- **INFORMATION**:
BEGIN

theory Submission
  imports Defs
begin

text \<open>The integral h is a primitive of f on the upper half-plane. For \<gamma> = (a b; c d) in \<Gamma>
  the derivative of \<tau> \<mapsto> h(\<gamma>\<tau>) is f(\<gamma>\<tau>) (c\<tau> + d)^(-2) = f(\<tau>), so h(\<gamma>\<tau>) - h(\<tau>) is the constant
  h(\<gamma>i). Since (\<gamma>\<delta>)i = \<gamma>(\<delta>i), this period is additive in \<gamma>, and \<gamma> \<mapsto> (1 h(\<gamma>i); 0 1) is a
  homomorphism into the unipotent upper triangular matrices by which h transforms.
  Neither the finite index of \<Gamma> nor holomorphy at the cusps is needed.\<close>

lemma automorphy_factor_nonzero:
  assumes "mat2_det \<gamma> \<noteq> 0" and "Im z > 0"
  shows "automorphy_factor \<gamma> z \<noteq> 0"
proof -
  obtain a b c d where \<gamma>: "\<gamma> = (a, b, c, d)" by (cases \<gamma>) auto
  show ?thesis
  proof (cases "c = 0")
    case True
    then show ?thesis using assms(1) by (simp add: \<gamma>)
  next
    case False
    then have "Im (automorphy_factor \<gamma> z) \<noteq> 0" using assms(2) by (simp add: \<gamma>)
    then show ?thesis by force
  qed
qed

lemma Im_moebius_of_int_mat2:
  "Im (moebius (of_int_mat2 \<gamma>) z) = of_int (mat2_det \<gamma>) * Im z / (cmod (automorphy_factor \<gamma> z))\<^sup>2"
proof -
  obtain a b c d where \<gamma>: "\<gamma> = (a, b, c, d)" by (cases \<gamma>) auto
  have "Im (of_int a * z + of_int b) * Re (of_int c * z + of_int d)
        - Re (of_int a * z + of_int b) * Im (of_int c * z + of_int d) = of_int (a * d - b * c) * Im z"
    by (simp add: algebra_simps)
  then show ?thesis by (simp add: \<gamma> Im_divide')
qed

lemma moebius_in_upper_half_plane:
  assumes "mat2_det \<gamma> > 0" and "z \<in> upper_half_plane"
  shows "moebius (of_int_mat2 \<gamma>) z \<in> upper_half_plane"
  using assms automorphy_factor_nonzero[of \<gamma> z]
  by (simp add: upper_half_plane_def Im_moebius_of_int_mat2)

lemma has_field_derivative_moebius_of_int_mat2:
  assumes "automorphy_factor \<gamma> z \<noteq> 0"
  shows "(moebius (of_int_mat2 \<gamma>) has_field_derivative
           of_int (mat2_det \<gamma>) / (automorphy_factor \<gamma> z)\<^sup>2) (at z)"
proof -
  obtain a b c d where \<gamma>: "\<gamma> = (a, b, c, d)" by (cases \<gamma>) auto
  have "moebius (of_int_mat2 \<gamma>) = (\<lambda>z. (of_int a * z + of_int b) / (of_int c * z + of_int d))"
    by (simp add: \<gamma> fun_eq_iff)
  moreover have "((\<lambda>z. (of_int a * z + of_int b) / (of_int c * z + of_int d)) has_field_derivative
      (of_int a * (of_int c * z + of_int d) - (of_int a * z + of_int b) * of_int c)
        / (of_int c * z + of_int d)\<^sup>2) (at z)"
    using assms by (auto intro!: derivative_eq_intros simp: \<gamma> power2_eq_square)
  moreover have "of_int a * (of_int c * z + of_int d) - (of_int a * z + of_int b) * of_int c
      = (of_int (mat2_det \<gamma>) :: complex)"
    by (simp add: \<gamma> algebra_simps)
  ultimately show ?thesis by (simp add: \<gamma>)
qed

text \<open>Only the inner factor needs to be nonzero: if the outer one vanishes, both sides
  are divisions by zero.\<close>

lemma moebius_of_int_mat2_mult:
  assumes "automorphy_factor \<delta> z \<noteq> 0"
  shows "moebius (of_int_mat2 (mat2_mult \<gamma> \<delta>)) z
       = moebius (of_int_mat2 \<gamma>) (moebius (of_int_mat2 \<delta>) z)"
proof -
  obtain a b c d where \<gamma>: "\<gamma> = (a, b, c, d)" by (cases \<gamma>) auto
  obtain a' b' c' d' where \<delta>: "\<delta> = (a', b', c', d')" by (cases \<delta>) auto
  define u where "u = of_int a' * z + (of_int b' :: complex)"
  define w where "w = of_int c' * z + (of_int d' :: complex)"
  have "w \<noteq> 0" using assms by (simp add: \<delta> w_def)
  have "moebius (of_int_mat2 (mat2_mult \<gamma> \<delta>)) z
      = (of_int a * u + of_int b * w) / (of_int c * u + of_int d * w)"
    by (simp add: \<gamma> \<delta> u_def w_def algebra_simps)
  also have "\<dots> = ((of_int a * (u / w) + of_int b) * w) / ((of_int c * (u / w) + of_int d) * w)"
    using \<open>w \<noteq> 0\<close> by (simp add: algebra_simps)
  also have "\<dots> = (of_int a * (u / w) + of_int b) / (of_int c * (u / w) + of_int d)"
    using \<open>w \<noteq> 0\<close> by simp
  also have "\<dots> = moebius (of_int_mat2 \<gamma>) (moebius (of_int_mat2 \<delta>) z)"
    by (simp add: \<gamma> \<delta> u_def w_def)
  finally show ?thesis .
qed

lemma convex_upper_half_plane: "convex upper_half_plane"
  unfolding upper_half_plane_def by (rule convex_halfspace_Im_gt)

lemma open_upper_half_plane: "open upper_half_plane"
  unfolding upper_half_plane_def by (rule open_halfspace_Im_gt)

lemma ii_in_upper_half_plane: "\<i> \<in> upper_half_plane"
  by (simp add: upper_half_plane_def)

lemma has_field_derivative_contour_integral_linepath:
  assumes f: "f holomorphic_on S" and S: "convex S" "open S" and "a \<in> S" "x \<in> S"
  shows "((\<lambda>x. contour_integral (linepath a x) f) has_field_derivative f x) (at x)"
proof -
  have "((\<lambda>x. contour_integral (linepath a x) f) has_field_derivative f x) (at x within S)"
  proof (rule triangle_contour_integrals_convex_primitive[OF _ \<open>a \<in> S\<close> S(1) \<open>x \<in> S\<close>])
    show "continuous_on S f"
      using f by (rule holomorphic_on_imp_continuous_on)
    fix b c assume "b \<in> S" "c \<in> S"
    then have "convex hull {a, b, c} \<subseteq> S"
      using \<open>a \<in> S\<close> S(1) by (intro hull_minimal) auto
    then have "f holomorphic_on convex hull {a, b, c}"
      using f by (rule holomorphic_on_subset[rotated])
    then show "contour_integral (linepath a b) f + contour_integral (linepath b c) f +
               contour_integral (linepath c a) f = 0"
      by (rule has_chain_integral_chain_integral3[OF Cauchy_theorem_triangle])
  qed
  then show ?thesis
    by (simp only: at_within_open[OF \<open>x \<in> S\<close> S(2)])
qed

definition eichler_integral :: "(complex \<Rightarrow> complex) \<Rightarrow> complex \<Rightarrow> complex" where
  "eichler_integral f = (\<lambda>\<tau>. contour_integral (linepath \<i> \<tau>) f)"

definition eichler_period :: "(complex \<Rightarrow> complex) \<Rightarrow> int mat2 \<Rightarrow> complex" where
  "eichler_period f \<gamma> = eichler_integral f (moebius (of_int_mat2 \<gamma>) \<i>)"

definition period_rep :: "(complex \<Rightarrow> complex) \<Rightarrow> int mat2 \<Rightarrow> complex mat2" where
  "period_rep f \<gamma> = (1, eichler_period f \<gamma>, 0, 1)"

lemma has_field_derivative_eichler_integral:
  assumes "f holomorphic_on upper_half_plane" and "\<tau> \<in> upper_half_plane"
  shows "(eichler_integral f has_field_derivative f \<tau>) (at \<tau>)"
  unfolding eichler_integral_def
  using has_field_derivative_contour_integral_linepath[OF assms(1) convex_upper_half_plane
      open_upper_half_plane ii_in_upper_half_plane assms(2)] .

lemma eichler_integral_moebius:
  assumes f: "f holomorphic_on upper_half_plane"
    and det: "mat2_det \<gamma> = 1"
    and weight2: "\<And>\<tau>. \<tau> \<in> upper_half_plane \<Longrightarrow>
                    f (moebius (of_int_mat2 \<gamma>) \<tau>) = (automorphy_factor \<gamma> \<tau>)\<^sup>2 * f \<tau>"
    and \<tau>: "\<tau> \<in> upper_half_plane"
  shows "eichler_integral f (moebius (of_int_mat2 \<gamma>) \<tau>) = eichler_integral f \<tau> + eichler_period f \<gamma>"
proof -
  let ?h = "eichler_integral f" and ?M = "moebius (of_int_mat2 \<gamma>)"
  have deriv_zero: "((\<lambda>x. ?h (?M x) - ?h x) has_field_derivative 0) (at x within upper_half_plane)"
    if x: "x \<in> upper_half_plane" for x
  proof -
    have nonzero: "automorphy_factor \<gamma> x \<noteq> 0"
      using det x by (intro automorphy_factor_nonzero) (auto simp: upper_half_plane_def)
    have "?M x \<in> upper_half_plane"
      using det x by (simp add: moebius_in_upper_half_plane)
    then have h': "(?h has_field_derivative f (?M x)) (at (?M x))"
      using f by (rule has_field_derivative_eichler_integral[rotated])
    have M': "(?M has_field_derivative 1 / (automorphy_factor \<gamma> x)\<^sup>2) (at x)"
      using has_field_derivative_moebius_of_int_mat2[OF nonzero] det by simp
    have "((\<lambda>x. ?h (?M x) - ?h x) has_field_derivative
                 f (?M x) * (1 / (automorphy_factor \<gamma> x)\<^sup>2) - f x) (at x)"
      by (rule DERIV_diff[OF DERIV_chain2[OF h' M'] has_field_derivative_eichler_integral[OF f x]])
    also have "f (?M x) * (1 / (automorphy_factor \<gamma> x)\<^sup>2) - f x = 0"
      using weight2[OF x] nonzero by simp
    finally show ?thesis
      by (rule has_field_derivative_at_within)
  qed
  obtain k where "\<forall>x\<in>upper_half_plane. ?h (?M x) - ?h x = k"
    using has_field_derivative_zero_constant[OF convex_upper_half_plane deriv_zero] by blast
  with \<tau> ii_in_upper_half_plane
  have "?h (?M \<tau>) - ?h \<tau> = ?h (?M \<i>) - ?h \<i>"
    by simp
  then show ?thesis
    by (simp add: eichler_period_def eichler_integral_def algebra_simps)
qed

END

- **WHAT THE TASK ASKS**:
What you should output is every line of the records above, from the first through the line containing "Re (of_int c * z + of_int d)", unchanged.

- **EXERCISE RESULT**:
theory Submission
  imports Defs
begin

text \<open>The integral h is a primitive of f on the upper half-plane. For \<gamma> = (a b; c d) in \<Gamma>
  the derivative of \<tau> \<mapsto> h(\<gamma>\<tau>) is f(\<gamma>\<tau>) (c\<tau> + d)^(-2) = f(\<tau>), so h(\<gamma>\<tau>) - h(\<tau>) is the constant
  h(\<gamma>i). Since (\<gamma>\<delta>)i = \<gamma>(\<delta>i), this period is additive in \<gamma>, and \<gamma> \<mapsto> (1 h(\<gamma>i); 0 1) is a
  homomorphism into the unipotent upper triangular matrices by which h transforms.
  Neither the finite index of \<Gamma> nor holomorphy at the cusps is needed.\<close>

lemma automorphy_factor_nonzero:
  assumes "mat2_det \<gamma> \<noteq> 0" and "Im z > 0"
  shows "automorphy_factor \<gamma> z \<noteq> 0"
proof -
  obtain a b c d where \<gamma>: "\<gamma> = (a, b, c, d)" by (cases \<gamma>) auto
  show ?thesis
  proof (cases "c = 0")
    case True
    then show ?thesis using assms(1) by (simp add: \<gamma>)
  next
    case False
    then have "Im (automorphy_factor \<gamma> z) \<noteq> 0" using assms(2) by (simp add: \<gamma>)
    then show ?thesis by force
  qed
qed

lemma Im_moebius_of_int_mat2:
  "Im (moebius (of_int_mat2 \<gamma>) z) = of_int (mat2_det \<gamma>) * Im z / (cmod (automorphy_factor \<gamma> z))\<^sup>2"
proof -
  obtain a b c d where \<gamma>: "\<gamma> = (a, b, c, d)" by (cases \<gamma>) auto
  have "Im (of_int a * z + of_int b) * Re (of_int c * z + of_int d)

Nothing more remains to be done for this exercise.